Traditional interpreted languages work according to the following algorithm:

while (statements remaining) { 
  Get next statement.
  Perform lexical analysis and parse statement. 
  Execute statement.

This description is accurate at a conceptual level, and most early interpreters did their work in exactly this way. However, this scheme is inefficient because:

  • The meaning of each statement is determined by the relatively expensive operations of lexical analysis, parsing, and semantic analysis each and every time the statement is encountered.
  • Since each statement is considered in isolation, any statement that requires jumping to a different location in the program will require an expensive search for the target location. Usually, this search starts at the top of the file and moves forward until the target is found.

To avoid these problems, IDL uses a two-step process in which compilation and interpretation are separate.

The core of the system is the interpreter. The interpreter implements a simple, stack-based postfix language in which each instruction corresponds to a primitive of the IDL language. This internal form is a compact binary version of the IDL language routine. Routines written in the IDL language are compiled into this internal form by the IDL compiler when the .RUN executive command is issued, or when any other command requires a new routine to be executed. Once the IDL routine is compiled, the original version is ignored, and all references to the routine are to the compiled version.

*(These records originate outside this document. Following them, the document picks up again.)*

lemma inverse_perturbation_bounded:
  fixes M X R :: "'a::real_normed_field^'n::finite^'n"
  assumes "M ** X = mat 1" and X: "mnorm1 X \<le> P" and "1 \<le> P" and R: "mnorm1 R * P\<^sup>2 \<le> 1/2"
  shows "invertible (M + R)" and "mnorm1 (matrix_inv (M + R) - X) \<le> 1"
proof -
  have "mnorm1 R * mnorm1 X \<le> mnorm1 R * P\<^sup>2"
    using X \<open>1 \<le> P\<close> mnorm1_nonneg[of R] mnorm1_nonneg[of X]
    by (intro mult_left_mono) (auto simp: power2_eq_square intro: order_trans[OF _ mult_right_mono[of 1 P P]])
  then have small: "mnorm1 R * mnorm1 X \<le> 1/2" using R by linarith
  show "invertible (M + R)" by (rule inverse_perturbation(1)[OF \<open>M ** X = mat 1\<close> small])
  have "2 * mnorm1 X ^ 2 * mnorm1 R \<le> 2 * P\<^sup>2 * mnorm1 R"
    using X mnorm1_nonneg[of X] mnorm1_nonneg[of R] by (intro mult_right_mono mult_left_mono power_mono) auto
  with inverse_perturbation(2)[OF \<open>M ** X = mat 1\<close> small] R
  show "mnorm1 (matrix_inv (M + R) - X) \<le> 1" by (simp add: mult_ac)
qed

section \<open>Asymptotics of \<open>\<Gamma>(\<lambda>)\<^sup>-\<^sup>1\<close>\<close>

lemma mnorm1_le_entry_bound:
  fixes A :: "'a::real_normed_vector^'n::finite^'m::finite"
  assumes "\<And>i j. norm (A $ i $ j) \<le> c"
  shows "mnorm1 A \<le> of_nat CARD('m) * of_nat CARD('n) * c"
proof -
  have "mnorm1 A \<le> (\<Sum>i\<in>(UNIV :: 'm set). \<Sum>j\<in>(UNIV :: 'n set). c)"
    unfolding mnorm1_def norm1_def by (intro sum_mono assms)
  then show ?thesis by simp
qed

lemma mnorm1_Gamma_mat_remainder_le:
  fixes \<alpha> :: "'n::finite \<Rightarrow> real"
  assumes y: "inj y" and lam: "lam \<noteq> 0"
    and \<rho>: "\<And>j k. dist (y j) (y k) \<le> \<rho>" and small: "norm lam * \<rho> \<le> 1"
    and \<Lambda>: "\<And>j k. \<bar>ln (dist (y j) (y k))\<bar> \<le> \<Lambda>"
  shows "mnorm1 (Gamma_mat \<alpha> y lam - (\<chi> j k. Dtilde \<alpha> y $ j $ k - gfun lam))
           \<le> of_nat CARD('n) * of_nat CARD('n) * ((norm (gfun lam) + \<Lambda> + 1) * (norm lam * \<rho>)\<^sup>2)"
proof (rule mnorm1_le_entry_bound)
  fix j k
  have "0 \<le> \<Lambda>" using \<Lambda>[of j k] by linarith
  show "norm ((Gamma_mat \<alpha> y lam - (\<chi> j k. Dtilde \<alpha> y $ j $ k - gfun lam)) $ j $ k)
          \<le> (norm (gfun lam) + \<Lambda> + 1) * (norm lam * \<rho>)\<^sup>2"
  proof (cases "j = k")
    case True
    then show ?thesis using \<open>0 \<le> \<Lambda>\<close> by (simp add: Gamma_mat_def Dtilde_def)
  next
    case False
    define x where "x = y j - y k"
    have "x \<noteq> 0" using False y by (simp add: x_def inj_eq)
    have dist: "dist (y j) (y k) = norm x" by (simp add: x_def dist_norm)
    have x_small: "norm lam * norm x \<le> norm lam * \<rho>" using \<rho>[of j k] by (simp add: dist mult_left_mono)
    have "norm ((Gamma_mat \<alpha> y lam - (\<chi> j k. Dtilde \<alpha> y $ j $ k - gfun lam)) $ j $ k)
        = norm (- greenG lam x - (of_real (ln (norm x) / (2 * pi)) - gfun lam))"
      using False by (simp add: Gamma_mat_def Dtilde_def x_def dist_norm)
    also have "\<dots> \<le> (norm (gfun lam) + \<bar>ln (norm x)\<bar> + 1) * (norm lam * norm x)\<^sup>2"
      using small x_small by (intro greenG_remainder_bound[OF lam \<open>x \<noteq> 0\<close>]) linarith
    also have "\<dots> \<le> (norm (gfun lam) + \<Lambda> + 1) * (norm lam * \<rho>)\<^sup>2"
      using \<Lambda>[of j k] \<rho>[of j k] x_small \<open>0 \<le> \<Lambda>\<close> by (intro mult_mono power_mono) (auto simp: dist)
    finally show ?thesis .
  qed
qed

lemma Gamma_mat_remainder_weighted_le:
  fixes \<alpha> :: "'n::finite \<Rightarrow> real"
  assumes y: "inj y" and lam: "lam \<noteq> 0" and "0 \<le> a" "0 \<le> b"
    and \<rho>: "\<And>j k. dist (y j) (y k) \<le> \<rho>" "1 \<le> \<rho>" and small: "norm lam * \<rho> < 1"
    and \<Lambda>: "\<And>j k. \<bar>ln (dist (y j) (y k))\<bar> \<le> \<Lambda>"
  defines "N \<equiv> of_nat CARD('n) * of_nat CARD('n) :: real"
    and "c \<equiv> a + 6 * b + \<Lambda> + 7"
  shows "mnorm1 (Gamma_mat \<alpha> y lam - (\<chi> j k. Dtilde \<alpha> y $ j $ k - gfun lam)) * (a + b * norm (gfun lam))\<^sup>2
           \<le> N * \<rho>\<^sup>2 * (1 + b)\<^sup>2 * ((c - ln (norm lam)) ^ 3 * norm lam ^ 2)"
proof -
  define t where "t = norm lam"
  have "0 < t" using lam by (simp add: t_def)
  have "t * 1 \<le> t * \<rho>" using \<open>0 < t\<close> \<rho>(2) by (intro mult_left_mono) auto
  then have "t < 1" using small by (simp add: t_def)
  then have "0 \<le> - ln t" using \<open>0 < t\<close> by simp
  have g: "norm (gfun lam) \<le> 6 - ln t"
    using norm_gfun_le[OF lam] \<open>0 < t\<close> \<open>t < 1\<close> by (simp add: t_def)
  have "1 \<le> N"
    using mult_mono[of 1 "real CARD('n)" 1 "real CARD('n)"] by (simp add: N_def)
  have "0 \<le> \<Lambda>" using \<Lambda>[of undefined undefined] by linarith
  then have c: "a \<le> c - ln t" "6 - ln t \<le> c - ln t" "norm (gfun lam) + \<Lambda> + 1 \<le> c - ln t"
    using g \<open>0 \<le> - ln t\<close> \<open>0 \<le> a\<close> \<open>0 \<le> b\<close> by (auto simp: c_def)
  have "mnorm1 (Gamma_mat \<alpha> y lam - (\<chi> j k. Dtilde \<alpha> y $ j $ k - gfun lam))
      \<le> N * ((norm (gfun lam) + \<Lambda> + 1) * (t * \<rho>)\<^sup>2)"
    using mnorm1_Gamma_mat_remainder_le[OF y lam \<rho>(1) _ \<Lambda>] small by (simp add: N_def t_def)
  also have "\<dots> = N * \<rho>\<^sup>2 * ((norm (gfun lam) + \<Lambda> + 1) * t\<^sup>2)"
    by (simp add: power_mult_distrib mult_ac)
  also have "\<dots> \<le> N * \<rho>\<^sup>2 * ((c - ln t) * t\<^sup>2)"
    using c(3) \<open>1 \<le> N\<close> by (intro mult_left_mono mult_right_mono) auto
  finally have R: "mnorm1 (Gamma_mat \<alpha> y lam - (\<chi> j k. Dtilde \<alpha> y $ j $ k - gfun lam))
      \<le> N * \<rho>\<^sup>2 * ((c - ln t) * t\<^sup>2)" .
  have "b * norm (gfun lam) \<le> b * (c - ln t)"
    using g c(2) \<open>0 \<le> b\<close> by (intro mult_left_mono) auto
  then have "a + b * norm (gfun lam) \<le> (1 + b) * (c - ln t)"
    using c(1) by (simp add: algebra_simps)
  then have P: "(a + b * norm (gfun lam))\<^sup>2 \<le> (1 + b)\<^sup>2 * (c - ln t)\<^sup>2"
    using \<open>0 \<le> a\<close> \<open>0 \<le> b\<close> by (simp add: power_mult_distrib[symmetric] power_mono)
  have "mnorm1 (Gamma_mat \<alpha> y lam - (\<chi> j k. Dtilde \<alpha> y $ j $ k - gfun lam)) * (a + b * norm (gfun lam))\<^sup>2
      \<le> N * \<rho>\<^sup>2 * ((c - ln t) * t\<^sup>2) * ((1 + b)\<^sup>2 * (c - ln t)\<^sup>2)"
    by (rule mult_mono[OF R P]) (use \<open>1 \<le> N\<close> c \<open>0 \<le> a\<close> in auto)
  also have "\<dots> = N * \<rho>\<^sup>2 * (1 + b)\<^sup>2 * ((c - ln t) ^ 3 * t\<^sup>2)"
    by (simp add: power2_eq_square power3_eq_cube mult_ac)
  finally show ?thesis by (simp add: t_def)
qed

Some of the advantages of this organization are:

  • The expensive compilation process is only performed once, no matter how often the resulting code is executed.
  • Statements are not considered in isolation, so the compiler keeps track of the information required to make jumping to a new location in the program fast.
  • The binary internal form is much faster to interpret than the original form.
  • The internal form is compact, leading to better use of main memory, and allowing more code to fit in any memory cache the computer might be using.

The Interpreter Stack

The primary data structure in the interpreter is the stack. The stack contains pointers to variables, which are implemented by IDL_VARIABLE structures (see The IDL_VARIABLE Structure). Pointers to IDL_VARIABLEs are referred to as IDL_VPTRs. Most interpreter instructions work by removing a predefined number of elements from the stack, performing their function, and then pushing the IDL_VPTR to the resulting IDL_VARIABLE back onto the stack.

The removed items are the arguments to the instruction, and the new element represents the result. In this sense, the IDL interpreter is no different from any other postfix language interpreter. When an IDL routine is compiled, the compiler checks the number of arguments passed to each system routine against the minimum and maximum number specified in an internal table of routines, and signals an error if an invalid number of arguments is specified.

At execution time, the interpreter instructions that execute system procedures and functions operate as follows:

  1. Look up the requested routine in the internal table of routines.
  2. Execute the routine that implements the desired routine.
  3. Remove the arguments from the stack.
  4. If the routine was a function, push its result onto the stack.

Thus, the compiler checks for the proper number of arguments, and the interpreter does all the work related to pushing and popping elements from the stack. The called function need only worry about executing its operation and providing a result.